*** RECORDS ***

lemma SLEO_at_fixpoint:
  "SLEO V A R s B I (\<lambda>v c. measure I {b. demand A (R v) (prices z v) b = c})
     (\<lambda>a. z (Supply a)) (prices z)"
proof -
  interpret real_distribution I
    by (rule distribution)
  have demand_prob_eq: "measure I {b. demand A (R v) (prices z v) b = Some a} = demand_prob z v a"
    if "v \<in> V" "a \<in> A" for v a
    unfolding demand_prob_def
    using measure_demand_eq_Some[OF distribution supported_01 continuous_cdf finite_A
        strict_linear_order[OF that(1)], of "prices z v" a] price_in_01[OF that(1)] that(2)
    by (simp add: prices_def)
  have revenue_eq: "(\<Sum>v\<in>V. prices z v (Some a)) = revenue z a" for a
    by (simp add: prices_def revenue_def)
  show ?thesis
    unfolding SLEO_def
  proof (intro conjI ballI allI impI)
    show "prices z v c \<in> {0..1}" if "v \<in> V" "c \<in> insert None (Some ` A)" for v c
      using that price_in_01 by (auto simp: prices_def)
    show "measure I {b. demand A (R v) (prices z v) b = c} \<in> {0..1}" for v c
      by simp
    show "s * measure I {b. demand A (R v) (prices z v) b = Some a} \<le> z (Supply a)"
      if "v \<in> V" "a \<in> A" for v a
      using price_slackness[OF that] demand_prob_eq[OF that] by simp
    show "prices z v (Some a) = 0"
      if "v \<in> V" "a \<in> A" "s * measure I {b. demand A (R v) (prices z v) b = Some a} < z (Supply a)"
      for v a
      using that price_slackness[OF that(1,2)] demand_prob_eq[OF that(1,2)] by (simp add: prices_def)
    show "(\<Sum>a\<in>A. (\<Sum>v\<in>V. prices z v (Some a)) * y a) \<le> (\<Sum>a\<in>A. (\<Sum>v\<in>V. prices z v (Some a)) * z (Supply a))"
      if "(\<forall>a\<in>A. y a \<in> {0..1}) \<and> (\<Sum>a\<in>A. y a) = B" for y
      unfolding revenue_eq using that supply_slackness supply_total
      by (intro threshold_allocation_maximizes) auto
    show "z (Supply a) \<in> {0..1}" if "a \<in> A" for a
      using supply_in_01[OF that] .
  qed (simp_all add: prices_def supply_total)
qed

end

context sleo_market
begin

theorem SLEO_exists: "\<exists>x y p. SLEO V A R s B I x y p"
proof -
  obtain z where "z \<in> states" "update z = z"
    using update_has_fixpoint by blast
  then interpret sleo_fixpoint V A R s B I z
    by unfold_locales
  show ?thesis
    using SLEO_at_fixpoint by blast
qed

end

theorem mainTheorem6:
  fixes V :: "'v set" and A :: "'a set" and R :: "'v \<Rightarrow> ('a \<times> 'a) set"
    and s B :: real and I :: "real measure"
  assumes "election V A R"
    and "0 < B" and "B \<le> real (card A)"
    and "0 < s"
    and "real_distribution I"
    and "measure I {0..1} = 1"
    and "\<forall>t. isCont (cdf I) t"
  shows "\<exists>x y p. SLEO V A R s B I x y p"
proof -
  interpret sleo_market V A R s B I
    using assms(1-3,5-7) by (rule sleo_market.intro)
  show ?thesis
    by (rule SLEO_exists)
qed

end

***
*** RECORDS ***

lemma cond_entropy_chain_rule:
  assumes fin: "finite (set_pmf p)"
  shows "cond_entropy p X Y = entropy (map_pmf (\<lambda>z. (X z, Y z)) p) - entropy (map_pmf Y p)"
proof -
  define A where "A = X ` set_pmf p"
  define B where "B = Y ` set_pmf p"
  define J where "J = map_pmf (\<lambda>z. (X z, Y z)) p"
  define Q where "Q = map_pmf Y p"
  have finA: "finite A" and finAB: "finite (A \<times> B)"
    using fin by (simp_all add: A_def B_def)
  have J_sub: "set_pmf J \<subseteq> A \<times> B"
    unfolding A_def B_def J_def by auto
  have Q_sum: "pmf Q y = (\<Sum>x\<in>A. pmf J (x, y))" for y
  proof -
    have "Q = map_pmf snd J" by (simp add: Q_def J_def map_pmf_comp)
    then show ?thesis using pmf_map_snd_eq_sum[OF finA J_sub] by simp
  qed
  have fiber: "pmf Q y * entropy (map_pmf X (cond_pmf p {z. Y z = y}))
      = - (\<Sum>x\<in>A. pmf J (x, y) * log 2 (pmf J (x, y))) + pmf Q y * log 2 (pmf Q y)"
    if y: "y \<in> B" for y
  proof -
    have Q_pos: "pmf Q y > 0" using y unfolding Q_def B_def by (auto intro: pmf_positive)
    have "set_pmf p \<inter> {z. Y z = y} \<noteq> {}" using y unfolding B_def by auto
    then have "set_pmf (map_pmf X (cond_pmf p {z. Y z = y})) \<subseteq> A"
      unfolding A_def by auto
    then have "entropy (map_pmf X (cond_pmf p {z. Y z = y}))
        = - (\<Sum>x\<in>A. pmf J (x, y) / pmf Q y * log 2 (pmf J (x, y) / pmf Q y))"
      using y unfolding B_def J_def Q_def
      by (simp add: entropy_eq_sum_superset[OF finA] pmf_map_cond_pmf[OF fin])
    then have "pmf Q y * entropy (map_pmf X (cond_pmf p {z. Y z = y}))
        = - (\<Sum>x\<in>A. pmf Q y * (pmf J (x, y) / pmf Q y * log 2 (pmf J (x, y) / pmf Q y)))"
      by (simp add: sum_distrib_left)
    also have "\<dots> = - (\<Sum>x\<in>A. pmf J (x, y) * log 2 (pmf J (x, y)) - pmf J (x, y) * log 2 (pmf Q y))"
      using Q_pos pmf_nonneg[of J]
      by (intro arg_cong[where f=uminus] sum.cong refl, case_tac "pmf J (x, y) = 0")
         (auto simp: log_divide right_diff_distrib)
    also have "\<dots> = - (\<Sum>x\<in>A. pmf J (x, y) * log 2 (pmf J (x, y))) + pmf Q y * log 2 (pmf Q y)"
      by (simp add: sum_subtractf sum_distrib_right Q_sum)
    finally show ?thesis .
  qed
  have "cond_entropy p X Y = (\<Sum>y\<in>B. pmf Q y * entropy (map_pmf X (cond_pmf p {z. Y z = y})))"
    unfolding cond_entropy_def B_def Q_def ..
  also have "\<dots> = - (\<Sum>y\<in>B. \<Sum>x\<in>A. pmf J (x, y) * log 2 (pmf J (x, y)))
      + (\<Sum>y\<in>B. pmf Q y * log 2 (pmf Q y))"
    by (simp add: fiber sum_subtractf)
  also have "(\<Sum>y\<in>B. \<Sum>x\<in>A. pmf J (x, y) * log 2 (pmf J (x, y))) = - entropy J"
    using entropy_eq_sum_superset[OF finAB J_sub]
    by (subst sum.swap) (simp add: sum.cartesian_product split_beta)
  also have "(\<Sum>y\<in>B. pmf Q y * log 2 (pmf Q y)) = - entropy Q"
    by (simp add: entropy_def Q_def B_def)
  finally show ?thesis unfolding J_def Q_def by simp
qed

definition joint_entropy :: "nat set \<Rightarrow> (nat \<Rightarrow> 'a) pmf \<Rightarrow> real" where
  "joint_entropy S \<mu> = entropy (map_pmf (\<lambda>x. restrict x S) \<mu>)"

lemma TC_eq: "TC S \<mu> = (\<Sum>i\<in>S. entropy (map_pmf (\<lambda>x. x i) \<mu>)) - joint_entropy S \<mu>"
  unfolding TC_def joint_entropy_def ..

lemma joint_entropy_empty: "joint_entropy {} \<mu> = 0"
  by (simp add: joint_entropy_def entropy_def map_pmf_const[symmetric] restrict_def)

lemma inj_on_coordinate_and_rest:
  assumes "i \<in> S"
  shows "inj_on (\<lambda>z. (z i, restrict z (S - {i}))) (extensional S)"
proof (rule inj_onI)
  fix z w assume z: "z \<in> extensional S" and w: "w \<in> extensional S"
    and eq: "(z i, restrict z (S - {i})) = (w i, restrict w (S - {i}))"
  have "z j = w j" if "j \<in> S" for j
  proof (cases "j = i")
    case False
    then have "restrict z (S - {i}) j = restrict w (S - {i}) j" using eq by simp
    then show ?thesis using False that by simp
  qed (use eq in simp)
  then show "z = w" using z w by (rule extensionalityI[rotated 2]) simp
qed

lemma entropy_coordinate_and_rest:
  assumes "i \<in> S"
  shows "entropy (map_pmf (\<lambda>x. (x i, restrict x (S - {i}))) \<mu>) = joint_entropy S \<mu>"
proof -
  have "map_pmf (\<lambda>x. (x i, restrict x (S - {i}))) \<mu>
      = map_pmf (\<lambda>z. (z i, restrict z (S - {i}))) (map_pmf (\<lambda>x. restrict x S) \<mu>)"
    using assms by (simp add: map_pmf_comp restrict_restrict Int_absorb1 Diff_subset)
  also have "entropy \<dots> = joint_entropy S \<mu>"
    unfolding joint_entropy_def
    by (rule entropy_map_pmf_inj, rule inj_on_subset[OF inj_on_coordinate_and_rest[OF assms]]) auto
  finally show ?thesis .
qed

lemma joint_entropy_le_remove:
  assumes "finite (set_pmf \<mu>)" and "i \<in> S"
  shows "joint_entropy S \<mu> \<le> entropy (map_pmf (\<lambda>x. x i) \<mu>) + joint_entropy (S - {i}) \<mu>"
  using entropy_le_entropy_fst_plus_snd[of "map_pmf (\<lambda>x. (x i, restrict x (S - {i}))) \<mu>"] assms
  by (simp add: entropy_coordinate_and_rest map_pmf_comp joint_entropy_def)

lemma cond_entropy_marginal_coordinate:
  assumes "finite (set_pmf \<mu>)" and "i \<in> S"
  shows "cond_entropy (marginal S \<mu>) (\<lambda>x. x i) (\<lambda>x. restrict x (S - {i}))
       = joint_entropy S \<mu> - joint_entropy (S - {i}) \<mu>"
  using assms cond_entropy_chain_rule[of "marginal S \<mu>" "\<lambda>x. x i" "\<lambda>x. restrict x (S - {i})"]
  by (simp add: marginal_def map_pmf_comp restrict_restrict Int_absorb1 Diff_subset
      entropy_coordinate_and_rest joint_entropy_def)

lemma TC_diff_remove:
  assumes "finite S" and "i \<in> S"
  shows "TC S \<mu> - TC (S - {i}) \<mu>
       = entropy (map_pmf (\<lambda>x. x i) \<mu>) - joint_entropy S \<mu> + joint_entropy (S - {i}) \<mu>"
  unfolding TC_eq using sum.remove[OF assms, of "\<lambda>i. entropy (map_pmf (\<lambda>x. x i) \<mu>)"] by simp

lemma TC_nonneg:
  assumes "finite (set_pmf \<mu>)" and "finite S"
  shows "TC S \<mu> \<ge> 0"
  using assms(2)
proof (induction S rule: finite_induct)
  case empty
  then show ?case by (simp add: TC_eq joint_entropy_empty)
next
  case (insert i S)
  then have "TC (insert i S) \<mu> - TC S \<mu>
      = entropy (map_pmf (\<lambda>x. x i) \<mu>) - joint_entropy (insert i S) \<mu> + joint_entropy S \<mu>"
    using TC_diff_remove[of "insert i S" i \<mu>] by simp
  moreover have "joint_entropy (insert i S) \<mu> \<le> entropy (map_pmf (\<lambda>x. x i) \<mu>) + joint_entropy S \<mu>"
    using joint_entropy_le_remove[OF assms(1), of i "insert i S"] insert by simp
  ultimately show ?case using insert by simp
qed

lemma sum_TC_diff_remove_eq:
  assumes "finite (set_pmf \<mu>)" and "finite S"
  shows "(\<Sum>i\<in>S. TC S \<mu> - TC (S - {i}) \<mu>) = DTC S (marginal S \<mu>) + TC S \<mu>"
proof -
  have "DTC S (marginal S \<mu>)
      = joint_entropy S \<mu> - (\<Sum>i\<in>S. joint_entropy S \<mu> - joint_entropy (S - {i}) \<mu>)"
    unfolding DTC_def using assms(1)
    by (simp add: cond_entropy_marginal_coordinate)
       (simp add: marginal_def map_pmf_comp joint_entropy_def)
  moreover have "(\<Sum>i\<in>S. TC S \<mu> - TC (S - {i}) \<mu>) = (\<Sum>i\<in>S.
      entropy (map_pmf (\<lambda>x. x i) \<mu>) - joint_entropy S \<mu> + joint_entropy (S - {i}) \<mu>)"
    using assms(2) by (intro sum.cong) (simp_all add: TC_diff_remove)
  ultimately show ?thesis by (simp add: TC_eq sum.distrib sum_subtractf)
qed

***

**PROMPT**
From the data above, return every line from the line that has "by (intro arg_cong[where" up to and including the line that has "fix z w assume", exactly.

**RESPONSE TO THIS TASK**
      by (intro arg_cong[where f=uminus] sum.cong refl, case_tac "pmf J (x, y) = 0")
         (auto simp: log_divide right_diff_distrib)
    also have "\<dots> = - (\<Sum>x\<in>A. pmf J (x, y) * log 2 (pmf J (x, y))) + pmf Q y * log 2 (pmf Q y)"
      by (simp add: sum_subtractf sum_distrib_right Q_sum)
    finally show ?thesis .
  qed
  have "cond_entropy p X Y = (\<Sum>y\<in>B. pmf Q y * entropy (map_pmf X (cond_pmf p {z. Y z = y})))"
    unfolding cond_entropy_def B_def Q_def ..
  also have "\<dots> = - (\<Sum>y\<in>B. \<Sum>x\<in>A. pmf J (x, y) * log 2 (pmf J (x, y)))
      + (\<Sum>y\<in>B. pmf Q y * log 2 (pmf Q y))"
    by (simp add: fiber sum_subtractf)
  also have "(\<Sum>y\<in>B. \<Sum>x\<in>A. pmf J (x, y) * log 2 (pmf J (x, y))) = - entropy J"
    using entropy_eq_sum_superset[OF finAB J_sub]
    by (subst sum.swap) (simp add: sum.cartesian_product split_beta)
  also have "(\<Sum>y\<in>B. pmf Q y * log 2 (pmf Q y)) = - entropy Q"
    by (simp add: entropy_def Q_def B_def)
  finally show ?thesis unfolding J_def Q_def by simp
qed

definition joint_entropy :: "nat set \<Rightarrow> (nat \<Rightarrow> 'a) pmf \<Rightarrow> real" where
  "joint_entropy S \<mu> = entropy (map_pmf (\<lambda>x. restrict x S) \<mu>)"

lemma TC_eq: "TC S \<mu> = (\<Sum>i\<in>S. entropy (map_pmf (\<lambda>x. x i) \<mu>)) - joint_entropy S \<mu>"
  unfolding TC_def joint_entropy_def ..

lemma joint_entropy_empty: "joint_entropy {} \<mu> = 0"
  by (simp add: joint_entropy_def entropy_def map_pmf_const[symmetric] restrict_def)

lemma inj_on_coordinate_and_rest:
  assumes "i \<in> S"
  shows "inj_on (\<lambda>z. (z i, restrict z (S - {i}))) (extensional S)"
proof (rule inj_onI)
  fix z w assume z: "z \<in> extensional S" and w: "w \<in> extensional S"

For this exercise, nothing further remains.